The mind: here too the basic problem is quite different from youth. I’ve been around quite a bit, and have been in discussions with many people of all sorts of values and ideologies. I know very well that my voice is only one among many, and that my views and ideas are often wildly off the mark. And yet: I have to make decisions. I’m responsible. I’m here in the monastery, and in many other contexts, where decisions need to be made. And, sometimes, argued for and insisted upon. In any case there is a decision, whether or not it is my view; and I have to accept responsibility for that. This is, I think, a key difference between middle age and youth. The young can play with ideas and largely escape their consequences – or at least, so they think. This notion of making mature decisions is not something that has been taught in monasteries, to my knowledge.

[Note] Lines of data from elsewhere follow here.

lemma sum_multi_idx_Un:
  assumes "X \<inter> Y = {}"
  shows "(\<Sum>j\<in>multi_idx d (X \<union> Y). h j)
       = (\<Sum>a\<in>multi_idx d X. \<Sum>b\<in>multi_idx d Y. h (restrict (\<lambda>n. if n \<in> X then a n else b n) (X \<union> Y)))"
proof -
  let ?glue = "\<lambda>a b. restrict (\<lambda>n. if n \<in> X then a n else b n) (X \<union> Y)"
  have "(\<Sum>a\<in>multi_idx d X. \<Sum>b\<in>multi_idx d Y. h (?glue a b))
      = (\<Sum>(a, b)\<in>multi_idx d X \<times> multi_idx d Y. h (?glue a b))"
    by (rule sum.cartesian_product)
  also have "\<dots> = (\<Sum>j\<in>multi_idx d (X \<union> Y). h j)"
  proof (rule sum.reindex_bij_witness[where i="\<lambda>j. (restrict j X, restrict j Y)" and j="case_prod ?glue"])
    fix ab assume "ab \<in> multi_idx d X \<times> multi_idx d Y"
    then obtain a b where ab: "ab = (a, b)" "a \<in> multi_idx d X" "b \<in> multi_idx d Y" by auto
    have "restrict (?glue a b) X = a"
      using ab unfolding multi_idx_def by (auto simp: PiE_iff extensional_def)
    moreover have "restrict (?glue a b) Y = b"
    proof
      fix n show "restrict (?glue a b) Y n = b n"
        using ab assms unfolding multi_idx_def by (cases "n \<in> Y") (auto simp: PiE_iff extensional_def)
    qed
    ultimately show "(restrict (case_prod ?glue ab) X, restrict (case_prod ?glue ab) Y) = ab" using ab(1) by simp
    show "case_prod ?glue ab \<in> multi_idx d (X \<union> Y)"
      using ab unfolding multi_idx_def by (auto simp: PiE_iff)
  next
    fix j assume "j \<in> multi_idx d (X \<union> Y)"
    then show "case_prod ?glue (restrict j X, restrict j Y) = j"
      and "(restrict j X, restrict j Y) \<in> multi_idx d X \<times> multi_idx d Y"
      using restrict_in_multi_idx unfolding multi_idx_def by (auto simp: PiE_iff extensional_def)
  qed (simp add: case_prod_unfold)
  finally show ?thesis by simp
qed

lemma sum_multi_idx_UNION_prod:
  fixes g :: "'k \<Rightarrow> (nat \<Rightarrow> nat) \<Rightarrow> real"
  assumes "finite K" "\<forall>\<kappa>\<in>K. \<forall>\<kappa>'\<in>K. \<kappa> \<noteq> \<kappa>' \<longrightarrow> X \<kappa> \<inter> X \<kappa>' = {}"
  shows "(\<Sum>j\<in>multi_idx d (\<Union>\<kappa>\<in>K. X \<kappa>). \<Prod>\<kappa>\<in>K. g \<kappa> (restrict j (X \<kappa>)))
       = (\<Prod>\<kappa>\<in>K. \<Sum>a\<in>multi_idx d (X \<kappa>). g \<kappa> a)"
  using assms
proof (induction K rule: finite_induct)
  case empty
  then show ?case by (simp add: multi_idx_def)
next
  case (insert \<kappa> K)
  let ?U = "\<Union>\<kappa>'\<in>K. X \<kappa>'"
  let ?glue = "\<lambda>a b. restrict (\<lambda>n. if n \<in> X \<kappa> then a n else b n) (X \<kappa> \<union> ?U)"
  have disj: "X \<kappa> \<inter> ?U = {}" using insert.prems insert.hyps(2) by fastforce
  have "(\<Sum>j\<in>multi_idx d (X \<kappa> \<union> ?U). \<Prod>\<kappa>'\<in>insert \<kappa> K. g \<kappa>' (restrict j (X \<kappa>')))
     = (\<Sum>a\<in>multi_idx d (X \<kappa>). \<Sum>b\<in>multi_idx d ?U. \<Prod>\<kappa>'\<in>insert \<kappa> K. g \<kappa>' (restrict (?glue a b) (X \<kappa>')))"
    by (rule sum_multi_idx_Un[OF disj])
  also have "\<dots> = (\<Sum>a\<in>multi_idx d (X \<kappa>). \<Sum>b\<in>multi_idx d ?U. g \<kappa> a * (\<Prod>\<kappa>'\<in>K. g \<kappa>' (restrict b (X \<kappa>'))))"
  proof (intro sum.cong refl)
    fix a b assume a: "a \<in> multi_idx d (X \<kappa>)"
    have "restrict (?glue a b) (X \<kappa>) = a"
      using a unfolding multi_idx_def by (auto simp: PiE_iff extensional_def)
    moreover have "restrict (?glue a b) (X \<kappa>') = restrict b (X \<kappa>')" if "\<kappa>' \<in> K" for \<kappa>'
      using that disj by (intro restrict_ext) auto
    ultimately show "(\<Prod>\<kappa>'\<in>insert \<kappa> K. g \<kappa>' (restrict (?glue a b) (X \<kappa>')))
        = g \<kappa> a * (\<Prod>\<kappa>'\<in>K. g \<kappa>' (restrict b (X \<kappa>')))"
      using insert.hyps by simp
  qed
  also have "\<dots> = (\<Sum>a\<in>multi_idx d (X \<kappa>). g \<kappa> a) * (\<Sum>b\<in>multi_idx d ?U. \<Prod>\<kappa>'\<in>K. g \<kappa>' (restrict b (X \<kappa>')))"
    by (rule sum_product[symmetric])
  also have "(\<Sum>b\<in>multi_idx d ?U. \<Prod>\<kappa>'\<in>K. g \<kappa>' (restrict b (X \<kappa>'))) = (\<Prod>\<kappa>'\<in>K. \<Sum>a\<in>multi_idx d (X \<kappa>'). g \<kappa>' a)"
    using insert by (intro insert.IH) auto
  finally show ?case using insert.hyps by simp
qed
(* Let $(X,\mathfrak{m})$ be a measurable space with $\mathfrak{m}$ an infinite $\sigma$-algebra containing every finite subset of $X$, and let $X^*=\mathfrak{m}^\beta\setminus e(X)$. Then every nonempty $G_\delta$-subset of $X^*$ has nonempty interior in $X^*$.
   Context: An $\mathfrak{m}$-filter is a family $p\subseteq\mathfrak{m}$ with $\emptyset\notin p$, $X\in p$, closed under supersets belonging to $\mathfrak{m}$ and under finite intersections; an $\mathfrak{m}$-ultrafilter is a maximal $\mathfrak{m}$-filter; $\mathfrak{m}^\beta$ is the set of all $\mathfrak{m}$-ultrafilters, topologized by the base $\{\widehat{A}:A\in\mathfrak{m}\}$ where $\widehat{A}=\{p\in\mathfrak{m}^\beta:A\in p\}$. The map $e:X\to\mathfrak{m}^\beta$ is $e(x)=\{A\in\mathfrak{m}:x\in A\}$. $X^*$ carries the subspace topology. *)

theory Defs
  imports "HOL-Analysis.Analysis"
begin

definition m_filter :: "'a set \<Rightarrow> 'a set set \<Rightarrow> 'a set set \<Rightarrow> bool" where
  "m_filter X m p \<longleftrightarrow> p \<subseteq> m \<and> {} \<notin> p \<and> X \<in> p \<and>
     (\<forall>A\<in>p. \<forall>B\<in>m. A \<subseteq> B \<longrightarrow> B \<in> p) \<and>
     (\<forall>A\<in>p. \<forall>B\<in>p. A \<inter> B \<in> p)"

definition m_ultrafilter :: "'a set \<Rightarrow> 'a set set \<Rightarrow> 'a set set \<Rightarrow> bool" where
  "m_ultrafilter X m p \<longleftrightarrow> m_filter X m p \<and> (\<forall>q. m_filter X m q \<and> p \<subseteq> q \<longrightarrow> q = p)"

definition m_beta :: "'a set \<Rightarrow> 'a set set \<Rightarrow> 'a set set set" where
  "m_beta X m = {p. m_ultrafilter X m p}"

definition m_hat :: "'a set \<Rightarrow> 'a set set \<Rightarrow> 'a set \<Rightarrow> 'a set set set" where
  "m_hat X m A = {p \<in> m_beta X m. A \<in> p}"

definition m_beta_top :: "'a set \<Rightarrow> 'a set set \<Rightarrow> 'a set set topology" where
  "m_beta_top X m = topology_generated_by {m_hat X m A | A. A \<in> m}"

definition m_e :: "'a set \<Rightarrow> 'a set set \<Rightarrow> 'a \<Rightarrow> 'a set set" where
  "m_e X m x = {A \<in> m. x \<in> A}"

definition m_star :: "'a set \<Rightarrow> 'a set set \<Rightarrow> 'a set set set" where
  "m_star X m = m_beta X m - m_e X m ` X"

end

theory Submission
  imports Defs
begin

text \<open>Points of \<open>X\<^sup>*\<close> are the free \<open>\<mathfrak>m\<close>-ultrafilters, and all their members are infinite.
Given \<open>p\<close> in a \<open>G\<^sub>\<delta>\<close>-set \<open>G = \<Inter>\<^sub>n U\<^sub>n\<close>, choose basic neighbourhoods \<open>m_hat A\<^sub>n \<inter> X\<^sup>* \<subseteq> U\<^sub>n\<close>
with \<open>A\<^sub>n \<in> p\<close>. Since each \<open>A\<^sub>0 \<inter> \<dots> \<inter> A\<^sub>n\<close> is infinite, a diagonal choice yields a countable,
hence measurable, infinite set \<open>B\<close> with every \<open>B - A\<^sub>n\<close> finite. A free ultrafilter containing \<open>B\<close>
then contains every \<open>A\<^sub>n\<close>, so the open set \<open>m_hat B \<inter> X\<^sup>*\<close> lies in \<open>G\<close>; it is nonempty because
the sets of \<open>\<mathfrak>m\<close> containing all but finitely many points of \<open>B\<close> form a free filter.\<close>

lemma m_filter_Int: "m_filter X m p \<Longrightarrow> A \<in> p \<Longrightarrow> B \<in> p \<Longrightarrow> A \<inter> B \<in> p"
  unfolding m_filter_def by blast

lemma m_filter_mono: "m_filter X m p \<Longrightarrow> A \<in> p \<Longrightarrow> B \<in> m \<Longrightarrow> A \<subseteq> B \<Longrightarrow> B \<in> p"
  unfolding m_filter_def by blast

lemma m_filter_sets: "m_filter X m p \<Longrightarrow> A \<in> p \<Longrightarrow> A \<in> m"
  unfolding m_filter_def by blast

lemma m_filter_nonempty: "m_filter X m p \<Longrightarrow> A \<in> p \<Longrightarrow> A \<noteq> {}"
  unfolding m_filter_def by blast

lemma m_filter_Inter:
  assumes "m_filter X m p" "finite F" "F \<noteq> {}" "F \<subseteq> p"
  shows "\<Inter>F \<in> p"
  using assms(2-4)
  by (induction F rule: finite_ne_induct) (auto intro: m_filter_Int[OF assms(1)])

lemma m_filter_mem_subset:
  assumes "algebra X m" "m_filter X m p" "A \<in> p"
  shows "A \<subseteq> X"
proof -
  interpret algebra X m by fact
  show ?thesis
    using m_filter_sets[OF assms(2,3)] sets_into_space by blast
qed

lemma m_ultrafilter_imp_m_filter: "m_ultrafilter X m p \<Longrightarrow> m_filter X m p"
  unfolding m_ultrafilter_def by blast

lemma m_star_imp_m_ultrafilter: "p \<in> m_star X m \<Longrightarrow> m_ultrafilter X m p"
  unfolding m_star_def m_beta_def by blast

lemma m_ultrafilter_mem_or_compl:
  assumes "algebra X m" "m_ultrafilter X m p" "A \<in> m"
  shows "A \<in> p \<or> X - A \<in> p"
proof -
  interpret algebra X m by fact
  have p: "m_filter X m p"
    using assms(2) by (rule m_ultrafilter_imp_m_filter)
  show ?thesis
  proof (cases "\<exists>P\<in>p. P \<inter> A = {}")
    case True
    then obtain P where "P \<in> p" "P \<subseteq> X - A"
      using m_filter_mem_subset[OF assms(1) p] by blast
    then show ?thesis
      using m_filter_mono[OF p] assms(3) by blast
  next
    case False
    define q where "q = {C \<in> m. \<exists>P\<in>p. P \<inter> A \<subseteq> C}"
    have "m_filter X m q"
      unfolding m_filter_def
    proof (intro conjI ballI impI)
      show "q \<subseteq> m" "{} \<notin> q" "X \<in> q"
        using False p unfolding q_def m_filter_def by auto
    next
      fix C D assume "C \<in> q" "D \<in> m" "C \<subseteq> D"
      then show "D \<in> q"
        unfolding q_def by blast
    next
      fix C D assume "C \<in> q" "D \<in> q"
      then obtain P Q where "P \<in> p" "Q \<in> p" "P \<inter> A \<subseteq> C" "Q \<inter> A \<subseteq> D" "C \<in> m" "D \<in> m"
        unfolding q_def by blast
      then show "C \<inter> D \<in> q"
        unfolding q_def using m_filter_Int[OF p, of P Q] by blast
    qed
    moreover have "p \<subseteq> q"
      unfolding q_def using m_filter_sets[OF p] by blast
    ultimately have "q = p"
      using assms(2) unfolding m_ultrafilter_def by blast
    moreover have "A \<in> q"
      unfolding q_def using assms(3) p unfolding m_filter_def by blast
    ultimately show ?thesis
      by blast
  qed
qed

lemma m_filter_Union_chain:
  assumes "\<C> \<noteq> {}" "subset.chain {q. m_filter X m q} \<C>"
  shows "m_filter X m (\<Union>\<C>)"
proof -
  have filters: "\<And>c. c \<in> \<C> \<Longrightarrow> m_filter X m c"
    and linear: "\<And>c d. c \<in> \<C> \<Longrightarrow> d \<in> \<C> \<Longrightarrow> c \<subseteq> d \<or> d \<subseteq> c"
    using assms(2) unfolding subset_chain_def by blast+
  show ?thesis
    unfolding m_filter_def
  proof (intro conjI ballI impI)
    show "\<Union>\<C> \<subseteq> m" "{} \<notin> \<Union>\<C>"
      using filters unfolding m_filter_def by blast+
    show "X \<in> \<Union>\<C>"
      using assms(1) filters unfolding m_filter_def by blast
  next
    fix A B assume "A \<in> \<Union>\<C>" "B \<in> m" "A \<subseteq> B"
    then show "B \<in> \<Union>\<C>"
      using filters m_filter_mono by blast
  next
    fix A B assume "A \<in> \<Union>\<C>" "B \<in> \<Union>\<C>"
    then obtain c d where "c \<in> \<C>" "d \<in> \<C>" "A \<in> c" "B \<in> d"
      by blast
    then show "A \<inter> B \<in> \<Union>\<C>"
      using linear[of c d] filters m_filter_Int by blast
  qed
qed
lemma (in group) normal_center_of: "center_of G \<lhd> G"
proof (rule normalI[OF subgroup_center_of], intro ballI)
  fix g assume "g \<in> carrier G"
  then have "{h \<otimes> g} = {g \<otimes> h}" if "h \<in> center_of G" for h
    using that by (simp add: center_of_def)
  then show "center_of G #> g = g <# center_of G"
    unfolding r_coset_def l_coset_def by (rule SUP_cong[OF refl])
qed

lemma (in group) center_of_iff_centralizer_of_eq_carrier:
  assumes "w \<in> carrier G"
  shows "w \<in> center_of G \<longleftrightarrow> centralizer_of G w = carrier G"
  using assms by (auto simp: center_of_def centralizer_of_def)

lemma (in group) beta_of_subset_carrier_Diff_center:
  assumes "v \<in> carrier G - center_of G"
  shows "beta_of G v \<subseteq> carrier G - center_of G"
  using assms center_of_iff_centralizer_of_eq_carrier by (auto simp: beta_of_def)

lemma (in group) induced_nc_degree_eq:
  assumes "finite (carrier G)" "v \<in> carrier G - center_of G"
  shows "induced_nc_degree G v = card (carrier G - center_of G) - card (beta_of G v)"
proof -
  have "{w \<in> carrier G - center_of G. nc_adj G v w} = (carrier G - center_of G) - beta_of G v"
    using assms(2) by (auto simp: nc_adj_def beta_of_def)
  then show ?thesis
    using assms beta_of_subset_carrier_Diff_center[OF assms(2)]
    by (simp add: induced_nc_degree_def card_Diff_subset finite_subset)
qed

lemma (in group) induced_regular_card_beta_of_eq:
  assumes "finite (carrier G)" "induced_regular G"
    and "u \<in> carrier G - center_of G" "v \<in> carrier G - center_of G"
  shows "card (beta_of G u) = card (beta_of G v)"
proof -
  have "card (beta_of G w) \<le> card (carrier G - center_of G)" if "w \<in> carrier G - center_of G" for w
    using assms(1) beta_of_subset_carrier_Diff_center[OF that] by (simp add: card_mono)
  then show ?thesis
    using assms induced_nc_degree_eq unfolding induced_regular_def
    by (metis diff_diff_cancel)
qed
(* Let $A\subseteq\mathcal{R}$ be S-measurable. Then $A$ is L-measurable and $M(A)=M_s(A)$.
   Context: $\mathcal{R}$ denotes the Levi-Civita field: functions $x:\mathbb{Q}\to\mathbb{R}$ with left-finite support, with componentwise addition and formal power series multiplication, ordered by $x>0$ iff $x\ne0$ and $x[\min\operatorname{supp}x]>0$; it is a non-Archimedean ordered field extension of $\mathbb{R}$, Cauchy complete in the order topology, in which all limits and series are taken (a series $\sum a_n$ converges iff $a_n\to0$). An interval is a set $[a,b],[a,b),(a,b]$ or $(a,b)$ with $a<b$ in $\mathcal{R}$, of length $l=b-a$. A cover of $A\subseteq\mathcal{R}$ is a sequence of intervals $(S_n)_{n\ge1}$ with $A\subseteq\bigcup_n S_n$ and $\sum_n l(S_n)$ convergent in $\mathcal{R}$. $A$ is called outer measurable if the infimum $\inf\{\sum_n l(S_n): (S_n)\text{ a cover of }A\}$ exists in $\mathcal{R}$; this infimum is then called the outer measure $M_u(A)$. An outer measurable set $A\subseteq\mathcal{R}$ is L-measurable if for every outer measurable $B\subseteq\mathcal{R}$ both $A\cap B$ and $A^c\cap B$ (where $A^c=\mathcal{R}\setminus A$) are outer measurable and $M_u(B)=M_u(A\cap B)+M_u(A^c\cap B)$; then its L-measure is $M(A):=M_u(A)$. A set $A\subseteq\mathcal{R}$ is S-measurable if for every $\epsilon>0$ in $\mathcal{R}$ there are sequences of pairwise disjoint intervals $(I_n)$, $(J_n)$ with $\bigcup_n I_n\subseteq A\subseteq\bigcup_n J_n$, $\sum_n l(I_n)$ and $\sum_n l(J_n)$ convergent, and $\sum_n l(J_n)-\sum_n l(I_n)\le\epsilon$; its S-measure $M_s(A)$ is the supremum of $\sum_n l(I_n)$ over such inner families, which equals the infimum of $\sum_n l(J_n)$ over such outer families. *)

theory Defs
  imports Complex_Main
begin

typedef levi_civita = "{x :: rat \<Rightarrow> real. \<forall>q. finite {p. p \<le> q \<and> x p \<noteq> 0}}"
  morphisms lc_rep Abs_lc
  by (rule exI[of _ "\<lambda>_. 0"]) simp

instantiation levi_civita :: "{zero, plus, minus, uminus, times, ord}"
begin

definition zero_levi_civita :: levi_civita where
  "zero_levi_civita = Abs_lc (\<lambda>_. 0)"

definition plus_levi_civita :: "levi_civita \<Rightarrow> levi_civita \<Rightarrow> levi_civita" where
  "plus_levi_civita x y = Abs_lc (\<lambda>q. lc_rep x q + lc_rep y q)"

definition uminus_levi_civita :: "levi_civita \<Rightarrow> levi_civita" where
  "uminus_levi_civita x = Abs_lc (\<lambda>q. - lc_rep x q)"

definition minus_levi_civita :: "levi_civita \<Rightarrow> levi_civita \<Rightarrow> levi_civita" where
  "minus_levi_civita x y = Abs_lc (\<lambda>q. lc_rep x q - lc_rep y q)"

text \<open>Formal power series (Cauchy) product; the index set is finite by left-finiteness.\<close>
definition times_levi_civita :: "levi_civita \<Rightarrow> levi_civita \<Rightarrow> levi_civita" where
  "times_levi_civita x y = Abs_lc (\<lambda>q.
     \<Sum>p\<in>{p. lc_rep x p \<noteq> 0 \<and> lc_rep y (q - p) \<noteq> 0}. lc_rep x p * lc_rep y (q - p))"

definition lc_pos :: "levi_civita \<Rightarrow> bool" where
  "lc_pos x \<longleftrightarrow> (\<exists>q. lc_rep x q > 0 \<and> (\<forall>p<q. lc_rep x p = 0))"

definition less_levi_civita :: "levi_civita \<Rightarrow> levi_civita \<Rightarrow> bool" where
  "less_levi_civita x y \<longleftrightarrow> lc_pos (y - x)"

definition less_eq_levi_civita :: "levi_civita \<Rightarrow> levi_civita \<Rightarrow> bool" where
  "less_eq_levi_civita x y \<longleftrightarrow> x = y \<or> lc_pos (y - x)"

instance ..
end

definition lc_abs :: "levi_civita \<Rightarrow> levi_civita" where
  "lc_abs x = (if 0 \<le> x then x else - x)"

definition lc_tendsto :: "(nat \<Rightarrow> levi_civita) \<Rightarrow> levi_civita \<Rightarrow> bool" where
  "lc_tendsto f L \<longleftrightarrow> (\<forall>e>0. \<exists>N. \<forall>n\<ge>N. lc_abs (f n - L) < e)"

primrec lc_psum :: "(nat \<Rightarrow> levi_civita) \<Rightarrow> nat \<Rightarrow> levi_civita" where
  "lc_psum f 0 = 0"
| "lc_psum f (Suc n) = lc_psum f n + f n"

definition lc_sums :: "(nat \<Rightarrow> levi_civita) \<Rightarrow> levi_civita \<Rightarrow> bool" where
  "lc_sums f s \<longleftrightarrow> lc_tendsto (lc_psum f) s"

definition lc_summable :: "(nat \<Rightarrow> levi_civita) \<Rightarrow> bool" where
  "lc_summable f \<longleftrightarrow> (\<exists>s. lc_sums f s)"

definition lc_suminf :: "(nat \<Rightarrow> levi_civita) \<Rightarrow> levi_civita" where
  "lc_suminf f = (THE s. lc_sums f s)"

The stages of life and their importance has not, it seems to me, been considered carefully in Buddhism. Perhaps this is because in the prime story of Buddhism, the Buddha himself seems to transcend such development, reaching a completion of his journey while still a young man. Most of us have a slower and more uncertain path. Such lesser lives as ours are recounted throughout the Jātakas, and these often tell of spiritual progress through the stages of life. We find that the young man is a student, a prince, or a warrior; defeating his dragon he ascends to the mature stage, a teacher, king, or family leader; in the last stage of life he continues his growth, finally becoming a sage, an embodiment of wisdom for all.
I think there are some great examples of monks who have continued their growth through their lives. Two examples that come to mind: Ajahn Brahm and Bhikkhu Bodhi. They are both in places in their lives that would have seemed unthinkable twenty years ago. Yet their growth does not come from a rejection of the values of their youth, but grows out of it, assimilating and integrating, while moving towards a wider, deeper, and more powerful vision.
If we have some understanding of this, we’ll be able to better appreciate how what appear to be contradictory or problematic teachings are sometimes simply appropriate for different stages of life. It also reminds me not to get stuck in the past. Whenever I say “When I was a young monk…” the real issue is not my struggle to avoid a Yorkshire accent, but the words themselves: “I was”. What “I was” is not the issue: it’s what I am, and what I can be.